Not so. Boston scraped together a run in three consecutive innings, and Lackey kept pitching inning after solid inning. The Red Sox's 4-3 lead didn't last very long, as Lackey gave up a hit and Red Sox manager Terry Francona came to relieve him. "You've got to be [expletive]-ing [expletive]-ing me," Lackey said.

Hardly. Francona's job security became intertwined in this mess, and to think he's going to allow his season's success to rest on the overpaid shoulder of John Lackey is the sort of thing that gets people fired. Francona instead went with a mish-mash of relievers, coaxing two solid innings out of Franklin Morales(notes) and 2 1/3 brilliant ones from Jonathan Papelbon.

"You've got to go out there and grind to shine every day," Papelbon said. "That's patented. Don't use it."

Sorry, Paps. It turns out the laissez-faire Red Sox had some fight in 'em, enough toil to last through the nine innings of the first game and nine more in the second before extras beckoned. In the top of the 13th, Pedroia dove headfirst into first base to steal a single from an umpire with a bad angle, and come the bottom half of the inning, he laid out to steal a hit from Curtis Granderson(notes).

"This is grinding season," Papelbon said. "And now we've got to go ball in Baltimore. If you don't like this, you ain't got blood going through your veins. If you don't like this, if you're not gonna play tired, if you're not gonna play hurt and you're in this clubhouse, you ain't got blood running through your veins."

Boston's veins were plenty plumper Sunday night than they've been. Ellsbury, the prohibitive favorite for AL MVP who hit two homers in the first game to reach 30, awaited a 1-0 Scott Proctor(notes) pitch. Ellsbury was looking inside. Check. He wanted a fastball. Check. He targeted low and inside. Check.

Proctor, 34, does not pitch anything like he did his first time in a Yankees uniform. He started Ellsbury off with a curveball for a ball. Ellsbury figured Proctor didn't want to go 2-0, so he'd throw a fastball straighter than the pinstripes on his jersey. And once it crossed Ellsbury's wheelhouse, it took a ride about 400 feet until the scoreboard showed Red Sox 7, Yankees 4.

"This," Ellsbury said. "is our playoff."


Maybe because 24 hours ago, the idea of the real playoffs no longer seemed like a foregone conclusion. This jag took its toll on everyone, from general manager Theo Epstein to Francona to his players to the staff that folds their underwear. The Red Sox came to crave a win like they'd gone cold turkey and needed just one hint of what they were missing.

"It doesn't matter how we do it," Pedroia said. "It doesn't have to look pretty. But a win's a win. It doesn't matter how you get it. And we'll take it."

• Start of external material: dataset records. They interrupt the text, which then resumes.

(* Let $A\in\mathbb{C}^{n\times n}$ be Hermitian and let $Q\in\mathbb{C}^{n\times k}$, $2\le k\le n$, have orthonormal columns. Let $Q^*AQ=\Omega\widehat\Lambda\Omega^*$ be an eigendecomposition with $\Omega$ unitary and $\widehat\Lambda=\mathrm{diag}(\widehat\lambda_1,\ldots,\widehat\lambda_k)$, and let $\widehat X=[\widehat x_1,\ldots,\widehat x_k]=Q\Omega$ (Ritz values $\widehat\lambda_i$, Ritz vectors $\widehat x_i$). Let $Q_\perp\in\mathbb{C}^{n\times(n-k)}$ be such that $[Q\ Q_\perp]$ is unitary, so that $$[Q\Omega,\,Q_\perp]^*A[Q\Omega,\,Q_\perp]=\begin{bmatrix}\widehat\Lambda & R^*\\ R & A_3\end{bmatrix},\qquad R=Q_\perp^*AQ\Omega=[r_1,\ldots,r_k],\quad A_3=Q_\perp^*AQ_\perp .$$ Consider the Ritz pair $(\widehat\lambda,\widehat x)=(\widehat\lambda_1,\widehat x_1)$, let $\widehat\Lambda_2=\mathrm{diag}(\widehat\lambda_2,\ldots,\widehat\lambda_k)$ and $R_2=[r_2,\ldots,r_k]$. Let $(\lambda,x)$ be an eigenpair of $A$ with $\|x\|=1$, and define $\mathrm{Gap}=\min|\lambda-\lambda(A_3)|$ and $\mathrm{gap}=\min|\lambda-\lambda(\widehat\Lambda_2)|$. Then $$\sin\angle(x,\widehat x)\le\frac{\|R\|}{\mathrm{Gap}}\sqrt{1+\frac{\|R_2\|^2}{\mathrm{gap}^2}}\ \le\ \frac{\|R\|}{\mathrm{Gap}}\Big(1+\frac{\|R_2\|}{\mathrm{gap}}\Big).$$
   Context: $\|\cdot\|$ is the Euclidean norm for vectors and the spectral norm for matrices. $\lambda(M)$ denotes the set of eigenvalues of a Hermitian matrix $M$, and $\min|\lambda-\lambda(M)|$ is the distance from $\lambda$ to that set. For unit vectors, $\angle(x,\widehat x)=\arccos|\widehat x^*x|$. Note $\|r_i\|=\|A\widehat x_i-\widehat\lambda_i\widehat x_i\|$. A bound with a vanishing denominator is interpreted as $+\infty$. *)

theory Defs
  imports Complex_Main "HOL-Library.Extended_Real"
    "Jordan_Normal_Form.Schur_Decomposition" "Jordan_Normal_Form.Char_Poly"
begin

definition vnorm :: "complex vec \<Rightarrow> real" where
  "vnorm v = sqrt (\<Sum>i<dim_vec v. (cmod (v $ i))\<^sup>2)"

definition snorm :: "complex mat \<Rightarrow> real" where
  "snorm M = Sup {vnorm (M *\<^sub>v v) | v. v \<in> carrier_vec (dim_col M) \<and> vnorm v = 1}"

definition cinner :: "complex vec \<Rightarrow> complex vec \<Rightarrow> complex" where
  "cinner y x = (\<Sum>i<dim_vec x. cnj (y $ i) * x $ i)"

definition vangle :: "complex vec \<Rightarrow> complex vec \<Rightarrow> real" where
  "vangle x xh = arccos (cmod (cinner xh x))"

definition hermitian :: "complex mat \<Rightarrow> bool" where
  "hermitian A \<longleftrightarrow> A \<in> carrier_mat (dim_row A) (dim_row A) \<and> mat_adjoint A = A"

definition unitary :: "complex mat \<Rightarrow> bool" where
  "unitary U \<longleftrightarrow> U \<in> carrier_mat (dim_row U) (dim_row U) \<and>
     mat_adjoint U * U = 1\<^sub>m (dim_row U) \<and> U * mat_adjoint U = 1\<^sub>m (dim_row U)"

definition hcat :: "complex mat \<Rightarrow> complex mat \<Rightarrow> complex mat" where
  "hcat Q P = mat (dim_row Q) (dim_col Q + dim_col P)
     (\<lambda>(i,j). if j < dim_col Q then Q $$ (i,j) else P $$ (i, j - dim_col Q))"

definition diagm :: "nat \<Rightarrow> (nat \<Rightarrow> real) \<Rightarrow> complex mat" where
  "diagm m d = mat m m (\<lambda>(i,j). if i = j then complex_of_real (d i) else 0)"

text \<open>Distance from mu to the spectrum of M, min |mu - lambda(M)|, in the extended reals
  (it is +infinity when M has no eigenvalues, e.g. when M is 0 x 0).\<close>
definition dist_spec :: "complex \<Rightarrow> complex mat \<Rightarrow> ereal" where
  "dist_spec \<mu> M = Inf {ereal (cmod (\<mu> - \<nu>)) | \<nu>. eigenvalue M \<nu>}"

end

theory Submission
  imports Defs "HOL-Analysis.L2_Norm" "Jordan_Normal_Form.Spectral_Radius"
begin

Everyone but the guy who, aside from Ellsbury, had the largest part in it. Lackey slinked out of the clubhouse after questioning the Red Sox's director of media relations about her role in preventing things like a stray text message 30 minutes before a start. He had declined to talk about how well he pitched after the three-run first inning – Lackey went six innings and gave up three earned runs – because he was so intent on tracking down the text-message culprit.

TMZ revealed itself, and Lackey will step into the clubhouse in Baltimore facing a new firing squad of questions about his personal life that he's almost certain to dismiss with a huff and snort.

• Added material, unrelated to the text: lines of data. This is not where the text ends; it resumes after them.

theorem mainTheorem9:
  fixes \<Sigma> :: "const set" and W :: "const list" and p q :: "nat list" and Ob :: wiring
  assumes "Star \<notin> \<Sigma>" and "set W \<subseteq> \<Sigma>"
    and "length p = length W + 1" and "distinct p"
    and "length q = length W + 1" and "distinct q"
    and "Ob \<in> Matr \<Sigma> Obs"
  shows "nilpotent (wprod Ob (wordrep W p)) \<longleftrightarrow> nilpotent (wprod Ob (wordrep W q))"
proof -
  obtain \<pi> where \<pi>: "bij \<pi>" "map \<pi> p = q"
    using ex_bij_map assms(3-6) by fastforce
  moreover have "bij (inv \<pi>)" "map (inv \<pi>) q = p"
    using \<pi> by (auto simp: bij_imp_bij_inv bij_is_inj)
  ultimately show ?thesis
    using nilpotent_wordrep_perm[OF assms(7) assms(3)] nilpotent_wordrep_perm[OF assms(7) assms(5)]
    by blast
qed

end
(* Let $R$ be an $n$-ary relation on a domain $\mathcal{D}$ with finite ternarity that has no unary Cartesian factor. Then $\mathrm{ter}(R)$ and $n$ have the same parity.
   Context: Relations are attributed: $R\subseteq\mathcal{D}^\Sigma$, $\Sigma$ finite, arity $n=|\Sigma|$; $\pi_\Gamma$ restricts tuples to $\Gamma$; the join of $R_i\subseteq\mathcal{D}^{\Lambda_i}$ is $\{a\in\mathcal{D}^{\cup\Lambda_i}:a|_{\Lambda_i}\in R_i\ \forall i\}$. $R$ has a unary Cartesian factor if for some $i\in\Sigma$ there are $P\subseteq\mathcal{D}^{\{i\}}$ and $Q\subseteq\mathcal{D}^{\Sigma\setminus\{i\}}$ with $R=\{a: a|_{\{i\}}\in P,\ a|_{\Sigma\setminus\{i\}}\in Q\}$. Bonds: relations $R_i\subseteq\mathcal{D}^{\Lambda_i}$ are bondable if no attribute lies in three or more $\Lambda_i$; their bond is $\pi_\Gamma[R_1\Join\dots\Join R_m]$ where $\Gamma$ is the set of attributes lying in exactly one $\Lambda_i$. A bond is subternaric if all factors have arity $\le3$. The ternarity $\mathrm{ter}(R)$ is the minimal number of factors of arity $3$ over all representations of $R$ as a subternaric bond (a relation of arity $\le3$ counts as a one-factor bond of itself), and $\infty$ if none exists. *)

theory Defs
  imports "HOL-Library.FuncSet" "HOL-Library.Extended_Nat"
begin

text \<open>A factor of a bond is a pair (\<Lambda>, S) with S a relation over attributes \<Lambda>.\<close>

definition tuples :: "'d set \<Rightarrow> nat set \<Rightarrow> (nat \<Rightarrow> 'd) set" where
  "tuples D \<Sigma> = PiE \<Sigma> (\<lambda>_. D)"

definition proj :: "nat set \<Rightarrow> (nat \<Rightarrow> 'd) set \<Rightarrow> (nat \<Rightarrow> 'd) set" where
  "proj \<Gamma> R = (\<lambda>a. restrict a \<Gamma>) ` R"

definition join :: "'d set \<Rightarrow> (nat set \<times> (nat \<Rightarrow> 'd) set) list \<Rightarrow> (nat \<Rightarrow> 'd) set" where
  "join D Fs = {a \<in> tuples D (\<Union>i<length Fs. fst (Fs ! i)).
                 \<forall>i<length Fs. restrict a (fst (Fs ! i)) \<in> snd (Fs ! i)}"

definition occ :: "(nat set \<times> (nat \<Rightarrow> 'd) set) list \<Rightarrow> nat \<Rightarrow> nat" where
  "occ Fs x = card {i. i < length Fs \<and> x \<in> fst (Fs ! i)}"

"Considering the circumstances, we needed a win," Lackey said. "I felt like I pitched pretty good."

And his teammates played pretty good, too, hard and strong because, Pedroia said, "lots of people are writing us off, so we're going to play our butts off."

Consider them rearless after Sunday. Twenty-three innings of intense, season-changing baseball and they're still here, standing as tall as they have in weeks. It's off to ball in Baltimore, to grind until you shine, to do how you do.

The Red Sox sent a message, all right. They're not dead yet. Not by a long shot.